The secessionists in Taiwan island should recognize it is a delusion that the U.S. will spill blood coming to the independence of Taiwan. Biden and past U.S. presidents are using Taiwan as “bargaining chip” to get other things from China. Ultimately, the Taiwanese authorities may well regret being a pawn of the current U.S. president and his radical policies. Tsai Ing-wen and her deluded DPP followers in the island had better wake up, acknowledge their mistakes, and face the reality of the 1992 Consensus on cross-Strait relations. There is no other alternative.

Instead of continuing to prick China, Biden and his advisors should not lead Taiwanese secessionists a merry dance in their misguided attempts to achieve their impossible aim of pursuing the island’s “independence”.

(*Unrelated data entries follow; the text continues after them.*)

lemma separation_step_unbounded:
  assumes av: "abs_value v" and aw: "abs_value w" and aW: "\<forall>u\<in>W. abs_value u" and "finite W"
    and y: "v y > 1" "\<forall>u\<in>W. u y < 1" "w y > 1" and z: "v z > 1" "w z < 1"
  shows "\<exists>x. v x > 1 \<and> w x < 1 \<and> (\<forall>u\<in>W. u x < 1)"
proof -
  have "eventually (\<lambda>r. v y ^ r > 1 / (v z - 1) + 1 \<and> w y ^ r > 1 / (1 - w z)
      \<and> (\<forall>u\<in>W. u y ^ r * (u z + 1) < 1)) sequentially"
    using y z aW \<open>finite W\<close>
    by (intro eventually_conj eventually_power_gt eventually_abs_values_power_small) auto
  then obtain r where r: "v y ^ r > 1 / (v z - 1) + 1" "w y ^ r > 1 / (1 - w z)"
      "\<forall>u\<in>W. u y ^ r * (u z + 1) < 1"
    using eventually_happens'[OF trivial_limit_sequentially] by blast
  define Y where "Y = y ^ r"
  define x where "x = Y * z / (1 + Y)"
  have x_eq: "u x = u Y * u z / u (1 + Y)" and Y_eq: "u Y = u y ^ r"
    and bounds: "u Y - 1 \<le> u (1 + Y)" "1 - u Y \<le> u (1 + Y)" "u (1 + Y) \<le> 1 + u Y"
    if "abs_value u" for u
    using abs_value_reverse_triangle[OF that, of Y 1] abs_value_reverse_triangle[OF that, of 1 Y]
      abs_value_triangle[OF that, of 1 Y]
    by (simp_all add: x_def Y_def abs_value_mult[OF that] abs_value_divide[OF that]
        abs_value_power[OF that] abs_value_1[OF that] add.commute)
  have "v Y > 1"
    using r(1) z(1) Y_eq[OF av] by (smt (verit) divide_pos_pos)
  moreover have "v Y * v z - v Y > 1"
    using r(1) z(1) Y_eq[OF av] by (simp add: field_simps)
  ultimately have "0 < v (1 + Y)" "v (1 + Y) < v Y * v z"
    using bounds[OF av] by linarith+
  then have "v x > 1"
    by (simp add: x_eq[OF av])
  moreover have "w Y - w Y * w z > 1"
    using r(2) z(2) Y_eq[OF aw] by (simp add: field_simps)
  then have "0 < w (1 + Y)" "w Y * w z < w (1 + Y)"
    using bounds[OF aw] abs_value_nonneg[OF aw, of Y] abs_value_nonneg[OF aw, of z]
    by (smt (verit) mult_nonneg_nonneg)+
  then have "w x < 1"
    by (simp add: x_eq[OF aw])
  moreover have "u x < 1" if "u \<in> W" for u
  proof -
    have au: "abs_value u" using aW that by blast
    have "u Y * u z + u Y < 1"
      using r(3) that Y_eq[OF au] by (simp add: algebra_simps)
    then have "0 < u (1 + Y)" "u Y * u z < u (1 + Y)"
      using bounds[OF au] abs_value_nonneg[OF au, of Y] abs_value_nonneg[OF au, of z]
      by (smt (verit) mult_nonneg_nonneg)+
    then show ?thesis
      by (simp add: x_eq[OF au])
  qed
  ultimately show ?thesis by blast
qed

lemma separate_abs_values:
  fixes V :: "('k::field \<Rightarrow> real) set"
  assumes aV: "\<forall>u\<in>V. abs_value u" and \<rho>: "\<forall>u\<in>V. u \<rho> = c" and "c > 1" and "v \<in> V"
    and "finite W" "W \<subseteq> V - {v}"
  shows "\<exists>y. v y > 1 \<and> (\<forall>u\<in>W. u y < 1)"
  using assms(5,6)
proof (induction W rule: finite_induct)
  case empty
  show ?case using \<rho> \<open>v \<in> V\<close> \<open>c > 1\<close> by (intro exI[of _ \<rho>]) auto
next
  case (insert w W)
  then have "w \<in> V" "w \<noteq> v" and aW: "\<forall>u\<in>W. abs_value u"
    using aV by auto
  then have av: "abs_value v" and aw: "abs_value w"
    using aV \<open>v \<in> V\<close> by auto
  obtain y where y: "v y > 1" "\<forall>u\<in>W. u y < 1"
    using insert by blast
  obtain z where z: "v z > 1" "w z < 1"
    using separate_two_abs_values[OF av aw _ _ _ \<open>c > 1\<close>] \<open>w \<noteq> v\<close> \<rho> \<open>v \<in> V\<close> \<open>w \<in> V\<close>
    by blast
  have "\<exists>x. v x > 1 \<and> w x < 1 \<and> (\<forall>u\<in>W. u x < 1)"
  proof (cases "w y \<le> 1")
    case True
    show ?thesis by (rule separation_step_bounded[OF av aw aW insert(1) y True z])
  next
    case False
    then have wy: "w y > 1" by simp
    show ?thesis by (rule separation_step_unbounded[OF av aw aW insert(1) y wy z])
  qed
  then show ?case by auto
qed

text \<open>If a spanning set \<open>B\<close> had fewer elements than \<open>W\<close>, the elements \<open>y_v ^ r\<close>
  separating each \<open>v \<in> W\<close> from the others would satisfy a rational linear relation; at
  the place \<open>v\<close> where the common absolute value of the coefficients is attained, the term of \<open>v\<close>
  dominates all others for large \<open>r\<close>.\<close>

lemma card_abs_values_le_spanning_set:
  fixes B :: "'k::field_char_0 set" and V :: "('k \<Rightarrow> real) set"
  assumes "finite B" and span: "\<forall>x::'k. \<exists>c::'k \<Rightarrow> rat. x = (\<Sum>b\<in>B. of_rat (c b) * b)"
    and aV: "\<forall>u\<in>V. abs_value u" and \<rho>: "\<forall>u\<in>V. u \<rho> = c" and "c > 1"
    and agree: "\<forall>u\<in>V. \<forall>u'\<in>V. \<forall>q. u (of_rat q) = u' (of_rat q)"
    and "finite W" "W \<subseteq> V"
  shows "card W \<le> card B"
proof (rule ccontr)
  assume "\<not> ?thesis"
  then have big: "card B < card W" and "W \<noteq> {}" by auto
  have "\<forall>v\<in>W. \<exists>y. v y > 1 \<and> (\<forall>u\<in>W - {v}. u y < 1)"
  proof
    fix v assume "v \<in> W"
    then show "\<exists>y. v y > 1 \<and> (\<forall>u\<in>W - {v}. u y < 1)"
      using separate_abs_values[OF aV \<rho> \<open>c > 1\<close>, of v "W - {v}"] \<open>finite W\<close> \<open>W \<subseteq> V\<close>
      by auto
  qed
  then obtain y where y: "\<forall>v\<in>W. v (y v) > 1 \<and> (\<forall>u\<in>W - {v}. u (y v) < 1)"
    by (rule bchoice[THEN exE])
  define M where "M = Min ((\<lambda>v. v (y v)) ` W)"
  have "M > 1"
    using \<open>finite W\<close> \<open>W \<noteq> {}\<close> y by (simp add: M_def)
  have M_le: "M \<le> v (y v)" if "v \<in> W" for v
    using \<open>finite W\<close> that by (simp add: M_def)
  obtain r where r: "real (card W) < M ^ r"
    using real_arch_pow[OF \<open>M > 1\<close>] by blast
  obtain q where q: "\<exists>v\<in>W. q v \<noteq> 0" "(\<Sum>v\<in>W. of_rat (q v) * y v ^ r) = 0"
    using rational_dependence_if_spanning[OF \<open>finite B\<close> span \<open>finite W\<close> big, where y = "\<lambda>v. y v ^ r"]
    by blast
  obtain v0 where "v0 \<in> W" using \<open>W \<noteq> {}\<close> by blast
  define R where "R v = v0 (of_rat (q v))" for v
  have "Max (R ` W) \<in> R ` W"
    using \<open>finite W\<close> \<open>W \<noteq> {}\<close> by simp
  then obtain vm where vm: "vm \<in> W" "R vm = Max (R ` W)" by auto
  have R_le: "R v \<le> R vm" if "v \<in> W" for v
    using that \<open>finite W\<close> by (simp add: vm(2))
  have avm: "abs_value vm" using aV \<open>W \<subseteq> V\<close> vm(1) by blast
  have R_vm: "vm (of_rat (q v)) = R v" for v
    unfolding R_def using agree \<open>W \<subseteq> V\<close> vm(1) \<open>v0 \<in> W\<close> by blast
  obtain v1 where "v1 \<in> W" "q v1 \<noteq> 0" using q(1) by blast
  then have "R vm > 0"
    using R_le[of v1] abs_value_pos[OF avm, of "of_rat (q v1)"] R_vm[of v1] by simp
  define T where "T v = of_rat (q v) * y v ^ r" for v
  have T_vm: "vm (T v) = R v * vm (y v) ^ r" for v
    by (simp add: T_def abs_value_mult[OF avm] abs_value_power[OF avm] R_vm)
  have "vm (\<Sum>v\<in>W - {vm}. T v) \<le> (\<Sum>v\<in>W - {vm}. vm (T v))"
    by (rule abs_value_sum_le[OF avm])
  also have "\<dots> \<le> (\<Sum>v\<in>W - {vm}. R vm)"
  proof (rule sum_mono)
    fix v assume v: "v \<in> W - {vm}"
    then have "vm (y v) < 1"
      using y vm(1) by blast
    then have "vm (y v) ^ r \<le> 1"
      using abs_value_nonneg[OF avm] by (simp add: power_le_one)
    then have "R v * vm (y v) ^ r \<le> R vm * 1"
      using R_le[of v] v \<open>R vm > 0\<close> abs_value_nonneg[OF avm] by (intro mult_mono) auto
    then show "vm (T v) \<le> R vm"
      by (simp add: T_vm)
  qed
  also have "\<dots> = (real (card W) - 1) * R vm"
  proof -
    have "card W \<ge> 1"
      using \<open>finite W\<close> vm(1) card_gt_0_iff[of W] by force
    then show ?thesis
      using \<open>finite W\<close> vm(1) by (simp add: card_Diff_singleton of_nat_diff)
  qed
  also have "\<dots> < R vm * M ^ r - R vm"
    using mult_strict_right_mono[OF r \<open>R vm > 0\<close>] by (simp add: algebra_simps)
  also have "R vm * M ^ r \<le> vm (T vm)"
    using M_le[OF vm(1)] \<open>M > 1\<close> \<open>R vm > 0\<close>
    by (simp add: T_vm power_mono)
  finally have "vm (\<Sum>v\<in>W - {vm}. T v) < vm (T vm) - R vm" by simp
  moreover have "T vm + (\<Sum>v\<in>W - {vm}. T v) = 0"
    using q(2) vm(1) \<open>finite W\<close> by (simp add: T_def sum.remove)
  then have "T vm = - (\<Sum>v\<in>W - {vm}. T v)"
    by (simp add: add_eq_0_iff)
  then have "vm (T vm) = vm (\<Sum>v\<in>W - {vm}. T v)"
    by (simp add: abs_value_minus[OF avm])
  ultimately show False using \<open>R vm > 0\<close> by simp
qed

China has said on many occasions in clearer terms that Taiwan is a matter of reunification left over from history and is thus an internal affair that brooks no interference from outside. Biden has revived former U.S. President Barack Obama’s “pivot” or strategy of rebalancing Asia to contain China’s growing influence; however, the most urgent rebalancing act is to stop selling weapons to Taiwan and to stop overt and covert official contacts with Taiwan as in the interests of Asia-Pacific peace and even that of the world at large.

 

The article reflects the author’s opinions, and not necessarily the views of China Focus.